State v. Hubbard, 94,116.

CourtUnited States State Supreme Court of Florida
Writing for the CourtLEWIS, J.
Citation751 So.2d 552
PartiesSTATE of Florida, Petitioner, v. Frederick Van HUBBARD, Respondent.
Docket NumberNo. 94,116.,94,116.
Decision Date16 December 1999

751 So.2d 552

STATE of Florida, Petitioner,
Frederick Van HUBBARD, Respondent

No. 94,116.

Supreme Court of Florida.

December 16, 1999.

751 So.2d 553
Robert A. Butterworth, Attorney General, James W. Rogers, Tallahassee Bureau Chief, Criminal Appeals, and Stephen R. White, Assistant Attorney General, Tallahassee, Florida, for Petitioner

Robert R. Kimmel of Law Offices of Kimmel & Batson, Chartered, Pensacola, Florida, for Respondent.


We have for review Hubbard v. State, 748 So.2d 288 (Fla. 1st DCA 1998), based upon certified conflict with Melvin v. State, 677 So.2d 1317 (Fla. 4th DCA 1996). We have jurisdiction. Art. V, § 3(b)(4), Fla. Const. For the reasons expressed below, we approve Hubbard in part and quash it in part, approve Melvin under the reasoning expressed herein, and remand for proceedings consistent herewith.


Respondent Frederick Van Hubbard (Hubbard) was convicted of DUI manslaughter. Hubbard claimed on appeal that the trial court erred in utilizing a standard jury instruction adopted by this Court and not instructing the jury pursuant to a special requested jury instruction containing a negligence element.1 The First District agreed and reversed and remanded for a new trial. The court began its analysis by noting that the statute at issue, section 316.193, Florida Statutes (1995), was amended in 1986 and construed by this Court three years later in Magaw v.

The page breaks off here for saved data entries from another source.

lemma nn_integral_exponential_density_ge:
  assumes L: "0 < L" and t: "0 < t" and a: "a \<le> t"
  shows "ennreal ((a - 1/L) / t) \<le>
    (\<integral>\<^sup>+ s. indicator {0..t} s * ennreal (L * exp (- L * s)) * ennreal ((a - s) / t) \<partial>lborel)"
proof -
  let ?g = "\<lambda>s. ennreal (exponential_density L s)"
  have beyond_t: "ennreal ((a - s) / t) = 0" if "t < s" for s
    using that a t by (simp add: ennreal_eq_0_iff divide_nonpos_pos)
  have eq: "(\<integral>\<^sup>+ s. indicator {0..t} s * ennreal (L * exp (- L * s)) * ennreal ((a - s) / t) \<partial>lborel)
      = (\<integral>\<^sup>+ s. ?g s * ennreal ((a - s) / t) \<partial>lborel)"
    by (intro nn_integral_cong)
       (auto simp: exponential_density_def beyond_t mult.commute split: split_indicator)
  have moment0: "(\<integral>\<^sup>+ s. ?g s \<partial>lborel) = 1"
    using nn_integral_erlang_ith_moment[OF L, of 0 0] by simp
  have moment1: "(\<integral>\<^sup>+ s. ennreal (exponential_density L s * s) \<partial>lborel) = ennreal (1/L)"
    using nn_integral_erlang_ith_moment[OF L, of 0 1] by simp
  have "ennreal (a / t) = (\<integral>\<^sup>+ s. ?g s * ennreal (a / t) \<partial>lborel)"
    by (simp add: nn_integral_multc moment0)
  also have "\<dots> \<le> (\<integral>\<^sup>+ s. ?g s * ennreal ((a - s) / t)
                      + ennreal (exponential_density L s * s) * ennreal (1/t) \<partial>lborel)"
  proof (intro nn_integral_mono)
    fix s :: real
    show "?g s * ennreal (a / t) \<le>
          ?g s * ennreal ((a - s) / t) + ennreal (exponential_density L s * s) * ennreal (1/t)"
    proof (cases "s < 0")
      case True then show ?thesis by (simp add: exponential_density_def)
    next
      case False
      have "0 \<le> exponential_density L s" using L by (rule exponential_density_nonneg)
      then have "ennreal (exponential_density L s * s) * ennreal (1/t) = ?g s * ennreal (s / t)"
        using False t by (simp flip: ennreal_mult)
      moreover have "ennreal (a / t) \<le> ennreal ((a - s) / t) + ennreal (s / t)"
        using ennreal_add_le[of "(a - s) / t" "s / t"] by (simp add: diff_divide_distrib)
      ultimately show ?thesis by (simp add: distrib_left[symmetric] mult_left_mono)
    qed
  qed
  also have "\<dots> = (\<integral>\<^sup>+ s. ?g s * ennreal ((a - s) / t) \<partial>lborel) + ennreal (1/L) * ennreal (1/t)"
    by (subst nn_integral_add) (auto simp: nn_integral_multc moment1)
  also have "ennreal (1/L) * ennreal (1/t) = ennreal (1/L * (1/t))"
    using L t by (simp flip: ennreal_mult)
  finally have "ennreal (a / t - 1/L * (1/t)) \<le> (\<integral>\<^sup>+ s. ?g s * ennreal ((a - s) / t) \<partial>lborel)"
    by (rule ennreal_diff_le_of_le_add) (use L t in simp)
  moreover have "a / t - 1/L * (1/t) = (a - 1/L) / t" by (simp add: diff_divide_distrib)
  ultimately show ?thesis using eq by simp
qed

lemma total_rate_nonneg: "ctmc_rates q \<Longrightarrow> 0 \<le> total_rate q x"
  unfolding ctmc_rates_def total_rate_def by (intro infsum_nonneg) auto

lemma summable_on_rate_mult_bounded:
  assumes q: "ctmc_rates q" and V: "\<And>x'. 0 \<le> V x'" "\<And>x'. V x' \<le> B"
  shows "(\<lambda>x'. q x x' * V x') summable_on (UNIV - {x})"
proof (rule summable_on_comparison_test[where f = "\<lambda>x'. B * q x x'"])
  have "(q x) summable_on (UNIV - {x})" using q unfolding ctmc_rates_def by blast
  then show "(\<lambda>x'. B * q x x') summable_on (UNIV - {x})" by (rule summable_on_cmult_right)
  fix x' assume "x' \<in> UNIV - {x}"
  then have "0 \<le> q x x'" using q unfolding ctmc_rates_def by auto
  then have "q x x' * V x' \<le> q x x' * B" using V(2) by (simp add: mult_left_mono)
  then show "q x x' * V x' \<le> B * q x x'" by (simp add: mult.commute)
  show "0 \<le> q x x' * V x'" using \<open>0 \<le> q x x'\<close> V(1)[of x'] by simp
qed

lemma generator_eq_infsum_diff:
  assumes q: "ctmc_rates q" and sum: "(\<lambda>x'. q x x' * V x') summable_on (UNIV - {x})"
  shows "generator q V x = (\<Sum>\<^sub>\<infinity>x'\<in>UNIV - {x}. q x x' * V x') - total_rate q x * V x"
proof -
  let ?A = "UNIV - {x}"
  have qs: "(q x) summable_on ?A" using q unfolding ctmc_rates_def by blast
  have "generator q V x = (\<Sum>\<^sub>\<infinity>x'\<in>?A. q x x' * V x' + (- V x) * q x x')"
    unfolding generator_def by (rule infsum_cong) (simp add: algebra_simps)
  also have "\<dots> = (\<Sum>\<^sub>\<infinity>x'\<in>?A. q x x' * V x') + (\<Sum>\<^sub>\<infinity>x'\<in>?A. (- V x) * q x x')"
    by (rule infsum_add[OF sum summable_on_cmult_right[OF qs]])
  also have "(\<Sum>\<^sub>\<infinity>x'\<in>?A. (- V x) * q x x') = - V x * total_rate q x"
    unfolding total_rate_def by (rule infsum_cmult_right[OF qs])
  finally show ?thesis by simp
qed

lemma jump_mean_bound_of_generator_le:
  assumes q: "ctmc_rates q" and V: "\<And>x'. 0 \<le> V x'"
    and sum: "(\<lambda>x'. q x x' * V x') summable_on (UNIV - {x})"
    and drift: "generator q V x \<le> -1"
  shows "0 < total_rate q x"
    and "(\<Sum>\<^sub>\<infinity>x'\<in>UNIV - {x}. q x x' * V x') / total_rate q x + 1 / total_rate q x \<le> V x"
proof -
  let ?S = "\<Sum>\<^sub>\<infinity>x'\<in>UNIV - {x}. q x x' * V x'" and ?L = "total_rate q x"
  have S: "0 \<le> ?S" using q V unfolding ctmc_rates_def by (intro infsum_nonneg) simp
  have drift': "?S + 1 \<le> ?L * V x" using drift generator_eq_infsum_diff[OF q sum] by simp
  then show L: "0 < ?L" using S total_rate_nonneg[OF q, of x] by (cases "?L = 0") auto
  show "?S / ?L + 1 / ?L \<le> V x" using L drift' by (simp add: field_simps)
qed

lemma nn_integral_jump_distribution:
  assumes q: "ctmc_rates q" and L: "0 < total_rate q x"
    and f: "(\<lambda>x'. q x x' * f x') summable_on (UNIV - {x})" "\<And>x'. 0 \<le> f x'"
  shows "(\<integral>\<^sup>+ x'. ennreal (q x x' / total_rate q x) * ennreal (f x') \<partial>count_space (UNIV - {x}))
    = ennreal ((\<Sum>\<^sub>\<infinity>x'\<in>UNIV - {x}. q x x' * f x') / total_rate q x)"
proof -
  let ?A = "UNIV - {x}" and ?L = "total_rate q x"
  have qn: "\<And>x'. x' \<in> ?A \<Longrightarrow> 0 \<le> q x x'" using q unfolding ctmc_rates_def by auto
  have "(\<integral>\<^sup>+ x'. ennreal (q x x' / ?L) * ennreal (f x') \<partial>count_space ?A)
      = (\<integral>\<^sup>+ x'. ennreal (q x x' * f x' * inverse ?L) \<partial>count_space ?A)"
    using qn L f(2) by (intro nn_integral_cong) (simp add: divide_inverse flip: ennreal_mult)
  also have "\<dots> = ennreal (\<Sum>\<^sub>\<infinity>x'\<in>?A. q x x' * f x' * inverse ?L)"
    using qn L f summable_on_cmult_left[OF f(1), of "inverse ?L"]
    by (intro nn_integral_count_space_eq_infsum) auto
  finally show ?thesis
    using infsum_cmult_left'[of "\<lambda>x'. q x x' * f x'" "inverse ?L" ?A] by (simp add: divide_inverse)
qed

lemma nn_integral_jump_distribution_ge:
  fixes f :: "'a::countable \<Rightarrow> real" and G :: "'a \<Rightarrow> ennreal"
  assumes q: "ctmc_rates q" and L: "0 < total_rate q x"
    and f: "(\<lambda>x'. q x x' * f x') summable_on (UNIV - {x})" "\<And>x'. 0 \<le> f x'"
    and bound: "\<And>x'. ennreal u \<le> ennreal u * G x' + ennreal (f x')"
  shows "ennreal (u - (\<Sum>\<^sub>\<infinity>x'\<in>UNIV - {x}. q x x' * f x') / total_rate q x)
    \<le> ennreal u * (\<integral>\<^sup>+ x'. ennreal (q x x' / total_rate q x) * G x' \<partial>count_space (UNIV - {x}))"
proof -
  let ?A = "UNIV - {x}" and ?L = "total_rate q x"
  let ?p = "\<lambda>x'. ennreal (q x x' / ?L)" and ?M = "(\<Sum>\<^sub>\<infinity>x'\<in>?A. q x x' * f x') / ?L"
  have "(\<lambda>x'. q x x' * 1) summable_on ?A" using q unfolding ctmc_rates_def by simp
  then have p_total: "(\<integral>\<^sup>+ x'. ?p x' \<partial>count_space ?A) = 1"
    using nn_integral_jump_distribution[OF q L, of "\<lambda>_. 1"] L by (simp add: total_rate_def)
  have "ennreal u = (\<integral>\<^sup>+ x'. ?p x' * ennreal u \<partial>count_space ?A)"
    by (simp add: nn_integral_multc p_total)
  also have "\<dots> \<le> (\<integral>\<^sup>+ x'. ennreal u * (?p x' * G x') + ?p x' * ennreal (f x') \<partial>count_space ?A)"
  proof (intro nn_integral_mono)
    fix x'
    have "?p x' * ennreal u \<le> ?p x' * (ennreal u * G x' + ennreal (f x'))"
      using bound by (rule mult_left_mono) simp
    then show "?p x' * ennreal u \<le> ennreal u * (?p x' * G x') + ?p x' * ennreal (f x')"
      by (simp add: distrib_left mult.left_commute)
  qed
  also have "\<dots> = ennreal u * (\<integral>\<^sup>+ x'. ?p x' * G x' \<partial>count_space ?A) + ennreal ?M"
    by (simp add: nn_integral_add nn_integral_cmult nn_integral_jump_distribution[OF q L f])
  finally have "ennreal u \<le> ennreal u * (\<integral>\<^sup>+ x'. ?p x' * G x' \<partial>count_space ?A) + ennreal ?M" .
  moreover have "0 \<le> ?M" using L q f(2) unfolding ctmc_rates_def
    by (intro divide_nonneg_pos infsum_nonneg) auto
  ultimately show ?thesis by (rule ennreal_diff_le_of_le_add)
qed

State, 537 So.2d 564 (Fla.1989). Hubbard, 748 So.2d at 289. While emphasizing that Magaw interpreted the amended statute as containing an explicit causation requirement, the court acknowledged that it "makes no mention of negligence or deviation from a reasonable standard of care" by the operator of an automobile. Hubbard, 748 So.2d at 289. Nevertheless, the First District noted that a majority of Florida's district courts of appeal have interpreted Magaw as reading a simple negligence element into the crime of DUI manslaughter. Hubbard, 748 So.2d at 290. The court also recognized the Fourth District's contrary interpretation in Melvin, 677 So.2d at 1318, that Magaw did not "requir[e] that the standard instruction be

751 So.2d 554
broadened to specify lack of care as a distinct element."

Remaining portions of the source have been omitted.